Hegel’s Phenomenology of Spirit is the story of the human spirit – or “Spirit” – as it struggles to find itself.

Spirit has discovered that it cannot be morally pure: you can do your duty, but you cannot be free from sin. Any moral stand taken results in hypocrisy – and yet a stand must be taken. Spirit goes around and around and has begun to despair again.

Spirit wants purity because it does not want to be limited. Recognising its own hypocrisy, Spirit seeks to be free from it.

Spirit sees a way out. It takes refuge in simplicity, escaping for now from the intricacies of moral debate. It finds this simplicity, this peace, in religion.

Spirit can stop retreating now that it has found God. A God that is lord and master and does not retreat from its object. God’s object is Spirit itself in its purity. Be one with God and know thyself. Self-contemplation: God is within me and spreads His light outward to all things that come within my vision. I have found a God that is akin to the sunrise, who spreads His light over all objects, making them visible while Himself being none of these particular things. God is the essence but not the being of these objects, making their appearance possible while leaving them to their own mundane existences.

Duty and morality fade into the background and the Truth is now found in that play of light over and above the things of the world. Truth is found in detachment from the things of the world.
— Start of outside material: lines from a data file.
text \<open>The supremum lies below \<open>T_nonneg g\<close> and has the same integral.\<close>
lemma T_nonneg_SUP:
  assumes f: "\<And>k. nonneg_integrable M (f k)" and g: "nonneg_integrable M g"
    and mono: "\<And>k x. x \<in> space M \<Longrightarrow> f k x \<le> f (Suc k) x"
    and lim: "\<And>x. x \<in> space M \<Longrightarrow> (\<lambda>k. f k x) \<longlonglongrightarrow> g x"
  shows "AE x in M. (SUP k. ennreal (T_nonneg (f k) x)) = ennreal (T_nonneg g x)"
proof -
  have le: "f k x \<le> g x" if "x \<in> space M" for k x
    using incseq_le[OF incseq_SucI[of "\<lambda>k. f k x", OF mono[OF that]] lim[OF that]] by simp
  have "AE x in M. \<forall>k. T_nonneg (f k) x \<le> T_nonneg g x"
    unfolding AE_all_countable using le by (auto intro!: T_nonneg_mono f g)
  then have SUP_le: "AE x in M. (SUP k. ennreal (T_nonneg (f k) x)) \<le> ennreal (T_nonneg g x)"
    by eventually_elim (auto intro!: SUP_least ennreal_leI)
  have "(\<integral>\<^sup>+x. (SUP k. ennreal (T_nonneg (f k) x)) \<partial>M) = (SUP k. \<integral>\<^sup>+x. ennreal (T_nonneg (f k) x) \<partial>M)"
  proof (rule nn_integral_monotone_convergence_SUP_AE)
    show "AE x in M. ennreal (T_nonneg (f k) x) \<le> ennreal (T_nonneg (f (Suc k)) x)" for k
      using T_nonneg_mono[OF f f, of k "Suc k"] mono by (auto elim!: eventually_mono intro: ennreal_leI)
  qed (use f in simp)
  also have "\<dots> = (SUP k. ennreal (\<integral>x. f k x \<partial>M))"
    using nn_integral_T_nonneg_eq_integral[OF f] by simp
  also have "\<dots> = ennreal (\<integral>x. g x \<partial>M)"
    by (rule SUP_ennreal_integral_incseq) (use f g mono lim in \<open>auto simp: nonneg_integrable_def\<close>)
  also have "\<dots> = (\<integral>\<^sup>+x. ennreal (T_nonneg g x) \<partial>M)"
    using nn_integral_T_nonneg_eq_integral[OF g] by simp
  finally show ?thesis
    by (intro AE_eq_if_le_nn_integral_eq SUP_le) (use g f nn_integral_T_nonneg_eq_integral[OF g] in simp_all)
qed

section \<open>The Markov extension\<close>

definition T :: "('a \<Rightarrow> real) \<Rightarrow> 'a \<Rightarrow> real" where
  "T f x = T_nonneg (pos_part f) x - T_nonneg (neg_part f) x"

lemma integrable_T: "integrable M f \<Longrightarrow> integrable M (T f)"
  unfolding T_def[abs_def]
  by (intro Bochner_Integration.integrable_diff integrable_T_nonneg nonneg_integrable_pos_part
      nonneg_integrable_neg_part)

lemma integral_T:
  assumes f: "integrable M f"
  shows "(\<integral>x. T f x \<partial>M) = (\<integral>x. f x \<partial>M)"
proof -
  have "(\<integral>x. T f x \<partial>M) = (\<integral>x. T_nonneg (pos_part f) x \<partial>M) - (\<integral>x. T_nonneg (neg_part f) x \<partial>M)"
    unfolding T_def using f
    by (intro Bochner_Integration.integral_diff integrable_T_nonneg nonneg_integrable_pos_part
        nonneg_integrable_neg_part)
  also have "\<dots> = (\<integral>x. f x \<partial>M)"
    using f by (simp add: integral_T_nonneg nonneg_integrable_pos_part nonneg_integrable_neg_part
        integral_pos_part_minus_neg_part)
  finally show ?thesis .
qed

lemma T_cong:
  assumes f: "integrable M f" and g: "integrable M g" and eq: "AE x in M. f x = g x"
  shows "AE x in M. T f x = T g x"
proof -
  have "AE x in M. pos_part f x = pos_part g x" "AE x in M. neg_part f x = neg_part g x"
    using eq by (auto simp: pos_part_def neg_part_def elim!: eventually_mono)
  from T_nonneg_cong[OF nonneg_integrable_pos_part[OF f] nonneg_integrable_pos_part[OF g] this(1)]
    T_nonneg_cong[OF nonneg_integrable_neg_part[OF f] nonneg_integrable_neg_part[OF g] this(2)]
  show ?thesis
    by eventually_elim (simp add: T_def)
qed

text \<open>For \<open>h = f + g\<close> we have \<open>h\<^sup>+ + (f\<^sup>- + g\<^sup>-) = h\<^sup>- + (f\<^sup>+ + g\<^sup>+)\<close>, an identity between
  nonnegative functions to which \<open>T_nonneg\<close> can be applied.\<close>
lemma T_add:
  assumes f: "integrable M f" and g: "integrable M g"
  shows "AE x in M. T (\<lambda>y. f y + g y) x = T f x + T g x"
proof -
  define h where "h = (\<lambda>y. f y + g y)"
  have h: "integrable M h"
    using f g by (simp add: h_def)
  have parts_eq: "(\<lambda>x. pos_part h x + (neg_part f x + neg_part g x))
      = (\<lambda>x. neg_part h x + (pos_part f x + pos_part g x))"
    by (auto simp: pos_part_def neg_part_def h_def fun_eq_iff)
  have "AE x in M. T_nonneg (\<lambda>x. pos_part h x + (neg_part f x + neg_part g x)) x
      = T_nonneg (pos_part h) x + T_nonneg (\<lambda>x. neg_part f x + neg_part g x) x"
    by (intro T_nonneg_add nonneg_integrable_pos_part nonneg_integrable_neg_part nonneg_integrable_add h f g)
  moreover have "AE x in M. T_nonneg (\<lambda>x. neg_part f x + neg_part g x) x
      = T_nonneg (neg_part f) x + T_nonneg (neg_part g) x"
    by (intro T_nonneg_add nonneg_integrable_neg_part f g)
  moreover have "AE x in M. T_nonneg (\<lambda>x. neg_part h x + (pos_part f x + pos_part g x)) x
      = T_nonneg (neg_part h) x + T_nonneg (\<lambda>x. pos_part f x + pos_part g x) x"
    by (intro T_nonneg_add nonneg_integrable_pos_part nonneg_integrable_neg_part nonneg_integrable_add h f g)
  moreover have "AE x in M. T_nonneg (\<lambda>x. pos_part f x + pos_part g x) x
      = T_nonneg (pos_part f) x + T_nonneg (pos_part g) x"
    by (intro T_nonneg_add nonneg_integrable_pos_part f g)
  ultimately show ?thesis
    unfolding h_def[symmetric] by eventually_elim (simp add: T_def parts_eq)
qed

lemma T_cmult:
  assumes f: "integrable M f"
  shows "AE x in M. T (\<lambda>y. c * f y) x = c * T f x"
proof (cases "0 \<le> c")
  case True
  have parts: "pos_part (\<lambda>y. c * f y) = (\<lambda>x. c * pos_part f x)"
      "neg_part (\<lambda>y. c * f y) = (\<lambda>x. c * neg_part f x)"
    using True by (auto simp: pos_part_def neg_part_def fun_eq_iff max_mult_distrib_left)
  from T_nonneg_cmult[OF nonneg_integrable_pos_part[OF f] True]
    T_nonneg_cmult[OF nonneg_integrable_neg_part[OF f] True]
  show ?thesis
    by eventually_elim (simp add: T_def parts algebra_simps)
next
  case False
  then have c: "0 \<le> - c"
    by simp
  have parts: "pos_part (\<lambda>y. c * f y) = (\<lambda>x. (- c) * neg_part f x)"
      "neg_part (\<lambda>y. c * f y) = (\<lambda>x. (- c) * pos_part f x)"
    using False by (auto simp: pos_part_def neg_part_def fun_eq_iff max_def mult_le_0_iff zero_le_mult_iff)
  from T_nonneg_cmult[OF nonneg_integrable_pos_part[OF f] c]
    T_nonneg_cmult[OF nonneg_integrable_neg_part[OF f] c]
  show ?thesis
    by eventually_elim (simp add: T_def parts algebra_simps)
qed
(* Let $n>2k$, $k\ge t+3$, $t\ge 2$, and let $\mathcal F\subseteq\binom{[n]}{k}$ be a maximal $t$-intersecting family with $\tau_t(\mathcal F)=t+2$ and $\tau_t(\mathcal T_t(\mathcal F))=t+1$. If there exist $U\in\mathcal U_t(\mathcal F)$ and $F\in\mathcal F$ with $|U\cap F|\le t-2$, then $|\mathcal T_t(\mathcal F)|<(t+2)(k-t)+1$.
   Context: A family is $t$-intersecting if any two members meet in at least $t$ elements. A $t$-cover of a family $\mathcal G$ of subsets of $[n]$ is a set $S\subseteq[n]$ with $|S\cap G|\ge t$ for all $G\in\mathcal G$; $\tau_t(\mathcal G)$ is the minimum size of a $t$-cover, and $\mathcal T_t(\mathcal G)$ is the set of all $t$-covers of $\mathcal G$ of size $\tau_t(\mathcal G)$. $\mathcal U_t(\mathcal F)=\mathcal T_t(\mathcal T_t(\mathcal F))$ is the family of all minimum-size $t$-covers of $\mathcal T_t(\mathcal F)$. A $t$-intersecting $\mathcal F\subseteq\binom{[n]}{k}$ is maximal if no $t$-intersecting subfamily of $\binom{[n]}{k}$ properly contains it. *)

theory Defs
  imports Main
begin

definition t_intersecting :: "nat \<Rightarrow> nat set set \<Rightarrow> bool" where
  "t_intersecting t \<F> \<longleftrightarrow> (\<forall>A\<in>\<F>. \<forall>B\<in>\<F>. card (A \<inter> B) \<ge> t)"

definition k_subsets :: "nat \<Rightarrow> nat \<Rightarrow> nat set set" where
  "k_subsets n k = {A. A \<subseteq> {1..n} \<and> card A = k}"

definition is_t_cover :: "nat \<Rightarrow> nat \<Rightarrow> nat set set \<Rightarrow> nat set \<Rightarrow> bool" where
  "is_t_cover n t \<G> S \<longleftrightarrow> S \<subseteq> {1..n} \<and> (\<forall>G\<in>\<G>. card (S \<inter> G) \<ge> t)"
(* Let $(X,d)$ be an arbitrary metric space and let $p\in X$. Then the function $$\tau_p(x,y)=\log\Big(1+2\frac{d(x,y)}{\sqrt{d(x,p)d(y,p)}}\Big)$$ is a metric on $X\setminus\{p\}$. *)

theory Defs
  imports "HOL-Analysis.Analysis"
begin

end

theory Submission
  imports Defs
begin

text \<open>A function \<open>g \<ge> 1\<close> that is submultiplicative in the sense \<open>g x z \<le> g x y * g y z\<close>
  becomes a metric after taking logarithms. For \<open>g x y = 1 + 2 d(x,y) / (a b)\<close> with
  \<open>a = sqrt (d x p)\<close>, \<open>b = sqrt (d y p)\<close>, \<open>c = sqrt (d z p)\<close>, submultiplicativity amounts,
  after clearing denominators, to \<open>r b\<^sup>2 \<le> t a b + s b c + 2 s t\<close> where \<open>r, s, t\<close> are
  \<open>d x z, d x y, d y z\<close>. This follows from \<open>r \<le> s + t\<close> together with
  \<open>b\<^sup>2 - a b \<le> s\<close> and \<open>b\<^sup>2 - b c \<le> t\<close>, which are the triangle inequalities through \<open>p\<close>.\<close>

lemma Metric_space_ln_of_submultiplicative:
  fixes g :: "'a \<Rightarrow> 'a \<Rightarrow> real"
  assumes ge_one: "\<And>x y. 1 \<le> g x y"
    and commute: "\<And>x y. g x y = g y x"
    and eq_one_iff: "\<And>x y. x \<in> S \<Longrightarrow> y \<in> S \<Longrightarrow> g x y = 1 \<longleftrightarrow> x = y"
    and submult: "\<And>x y z. x \<in> S \<Longrightarrow> y \<in> S \<Longrightarrow> z \<in> S \<Longrightarrow> g x z \<le> g x y * g y z"
  shows "Metric_space S (\<lambda>x y. ln (g x y))"
proof
  fix x y
  show "0 \<le> ln (g x y)" using ge_one by simp
  show "ln (g x y) = ln (g y x)" using commute by simp
next
  fix x y assume "x \<in> S" "y \<in> S"
  moreover have "ln (g x y) = 0 \<longleftrightarrow> g x y = 1"
    using ge_one[of x y] by (subst ln_eq_zero_iff) auto
  ultimately show "ln (g x y) = 0 \<longleftrightarrow> x = y" using eq_one_iff by simp
next
  fix x y z assume "x \<in> S" "y \<in> S" "z \<in> S"
  have "0 < g x y * g y z"
    using ge_one[of x y] ge_one[of y z] by simp
  then have "ln (g x z) \<le> ln (g x y * g y z)"
    using submult[OF \<open>x \<in> S\<close> \<open>y \<in> S\<close> \<open>z \<in> S\<close>] ge_one[of x z] by simp
  also have "\<dots> = ln (g x y) + ln (g y z)"
    using ge_one[of x y] ge_one[of y z] by (simp add: ln_mult)
  finally show "ln (g x z) \<le> ln (g x y) + ln (g y z)" .
qed

lemma square_minus_mult_le:
  fixes b c t :: real
  assumes "b > 0" "c > 0" "t \<ge> 0" "b\<^sup>2 \<le> t + c\<^sup>2"
  shows "b\<^sup>2 - b * c \<le> t"
proof (cases "b \<le> c")
  case True
  then have "b * b \<le> b * c" using \<open>b > 0\<close> by (intro mult_left_mono) auto
  then show ?thesis using \<open>t \<ge> 0\<close> by (simp add: power2_eq_square)
next
  case False
  then have "c * c \<le> b * c" using \<open>c > 0\<close> by (intro mult_right_mono) auto
  then show ?thesis using assms(4) by (simp add: power2_eq_square)
qed

lemma one_plus_two_div_submult:
  fixes a b c r s t :: real
  assumes "a > 0" "b > 0" "c > 0" "s \<ge> 0" "t \<ge> 0" "r \<le> s + t"
    and "b\<^sup>2 \<le> s + a\<^sup>2" "b\<^sup>2 \<le> t + c\<^sup>2"
  shows "1 + 2 * r / (a * c) \<le> (1 + 2 * s / (a * b)) * (1 + 2 * t / (b * c))"
proof -
  have "b\<^sup>2 - b * a \<le> s" "b\<^sup>2 - b * c \<le> t"
    using assms by (auto intro: square_minus_mult_le)
  then have "t * (b\<^sup>2 - b * a) \<le> t * s" "s * (b\<^sup>2 - b * c) \<le> s * t"
    using assms(4,5) by (auto intro: mult_left_mono)
  then have "s * (b\<^sup>2 - b * c) + t * (b\<^sup>2 - b * a) \<le> 2 * s * t"
    using mult.commute[of s t] by linarith
  moreover have "r * b\<^sup>2 \<le> (s + t) * b\<^sup>2"
    using assms(6) by (intro mult_right_mono) auto
  ultimately have "0 \<le> 2 * (t * a * b + s * b * c + 2 * s * t - r * b\<^sup>2) / (a * b\<^sup>2 * c)"
    using assms(1-3) by (intro divide_nonneg_pos) (auto simp: algebra_simps)
  moreover have "(1 + 2 * s / (a * b)) * (1 + 2 * t / (b * c)) - (1 + 2 * r / (a * c))
      = 2 * (t * a * b + s * b * c + 2 * s * t - r * b\<^sup>2) / (a * b\<^sup>2 * c)"
    using assms(1-3) by (simp add: field_simps power2_eq_square)
  ultimately show ?thesis by linarith
qed

context Metric_space
begin

lemma one_plus_two_div_sqrt_submult:
  assumes "p \<in> M" "x \<in> M - {p}" "y \<in> M - {p}" "z \<in> M - {p}"
  shows "1 + 2 * d x z / sqrt (d x p * d z p)
    \<le> (1 + 2 * d x y / sqrt (d x p * d y p)) * (1 + 2 * d y z / sqrt (d y p * d z p))"
proof -
  have "1 + 2 * d x z / (sqrt (d x p) * sqrt (d z p))
    \<le> (1 + 2 * d x y / (sqrt (d x p) * sqrt (d y p))) * (1 + 2 * d y z / (sqrt (d y p) * sqrt (d z p)))"
  proof (rule one_plus_two_div_submult)
    show "sqrt (d x p) > 0" "sqrt (d y p) > 0" "sqrt (d z p) > 0"
      using assms mdist_pos_less by auto
    show "d x z \<le> d x y + d y z"
      using assms triangle by auto
    show "(sqrt (d y p))\<^sup>2 \<le> d x y + (sqrt (d x p))\<^sup>2"
      using assms triangle[of y x p] commute[of y x] by auto
    show "(sqrt (d y p))\<^sup>2 \<le> d y z + (sqrt (d z p))\<^sup>2"
      using assms triangle[of y z p] by auto
  qed simp_all
  then show ?thesis by (simp add: real_sqrt_mult)
qed

end

theorem theorem2p1:
  fixes X :: "'a set" and d :: "'a \<Rightarrow> 'a \<Rightarrow> real" and p :: 'a
  assumes "Metric_space X d" and "p \<in> X"
  shows "Metric_space (X - {p}) (\<lambda>x y. ln (1 + 2 * d x y / sqrt (d x p * d y p)))"
proof (rule Metric_space_ln_of_submultiplicative)
  interpret Metric_space X d by fact
  fix x y z
  show "1 \<le> 1 + 2 * d x y / sqrt (d x p * d y p)" by simp
  show "1 + 2 * d x y / sqrt (d x p * d y p) = 1 + 2 * d y x / sqrt (d y p * d x p)"
    by (simp add: commute[of x y] mult.commute)
  assume "x \<in> X - {p}" "y \<in> X - {p}"
  with \<open>p \<in> X\<close> show "1 + 2 * d x y / sqrt (d x p * d y p) = 1 \<longleftrightarrow> x = y"
    by simp
  assume "z \<in> X - {p}"
  with \<open>p \<in> X\<close> \<open>x \<in> X - {p}\<close> \<open>y \<in> X - {p}\<close>
  show "1 + 2 * d x z / sqrt (d x p * d z p)
    \<le> (1 + 2 * d x y / sqrt (d x p * d y p)) * (1 + 2 * d y z / sqrt (d y p * d z p))"
    by (rule one_plus_two_div_sqrt_submult)
qed

end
This God, this Spirit, is now the “shape of shapelessness”, the simple relation of Spirit to itself. It is “the pure, all-embracing and all-pervading essential light of sunrise”. It is “formless substantiality”. The “simplicity” of this form of being means it moves about “aimlessly” and “without stability or intelligence”. It is vast and without limit, and therefore sublime rather than beautiful. It is something fearful and incomprehensible to moral consciousness, its beam vast and uncaring, and its heat potentially destructive of any particular thing that comes under it.

The human spirit will not linger long here. It cannot for long remain satisfied with the empty play of light on surfaces. It has been a relief from the contradictions and pressures of moral and ethical life, an escape. But Spirit will move on and search for new religious forms and find contradictions and pressures anew, and finally find a place for moral and ethical life again.

(I’ve been reading Hegel’s Phenomenology of Spirit translated by A.V. Miller, with an analysis of the text by J.N. Findlay)

(Image is from Pixabay)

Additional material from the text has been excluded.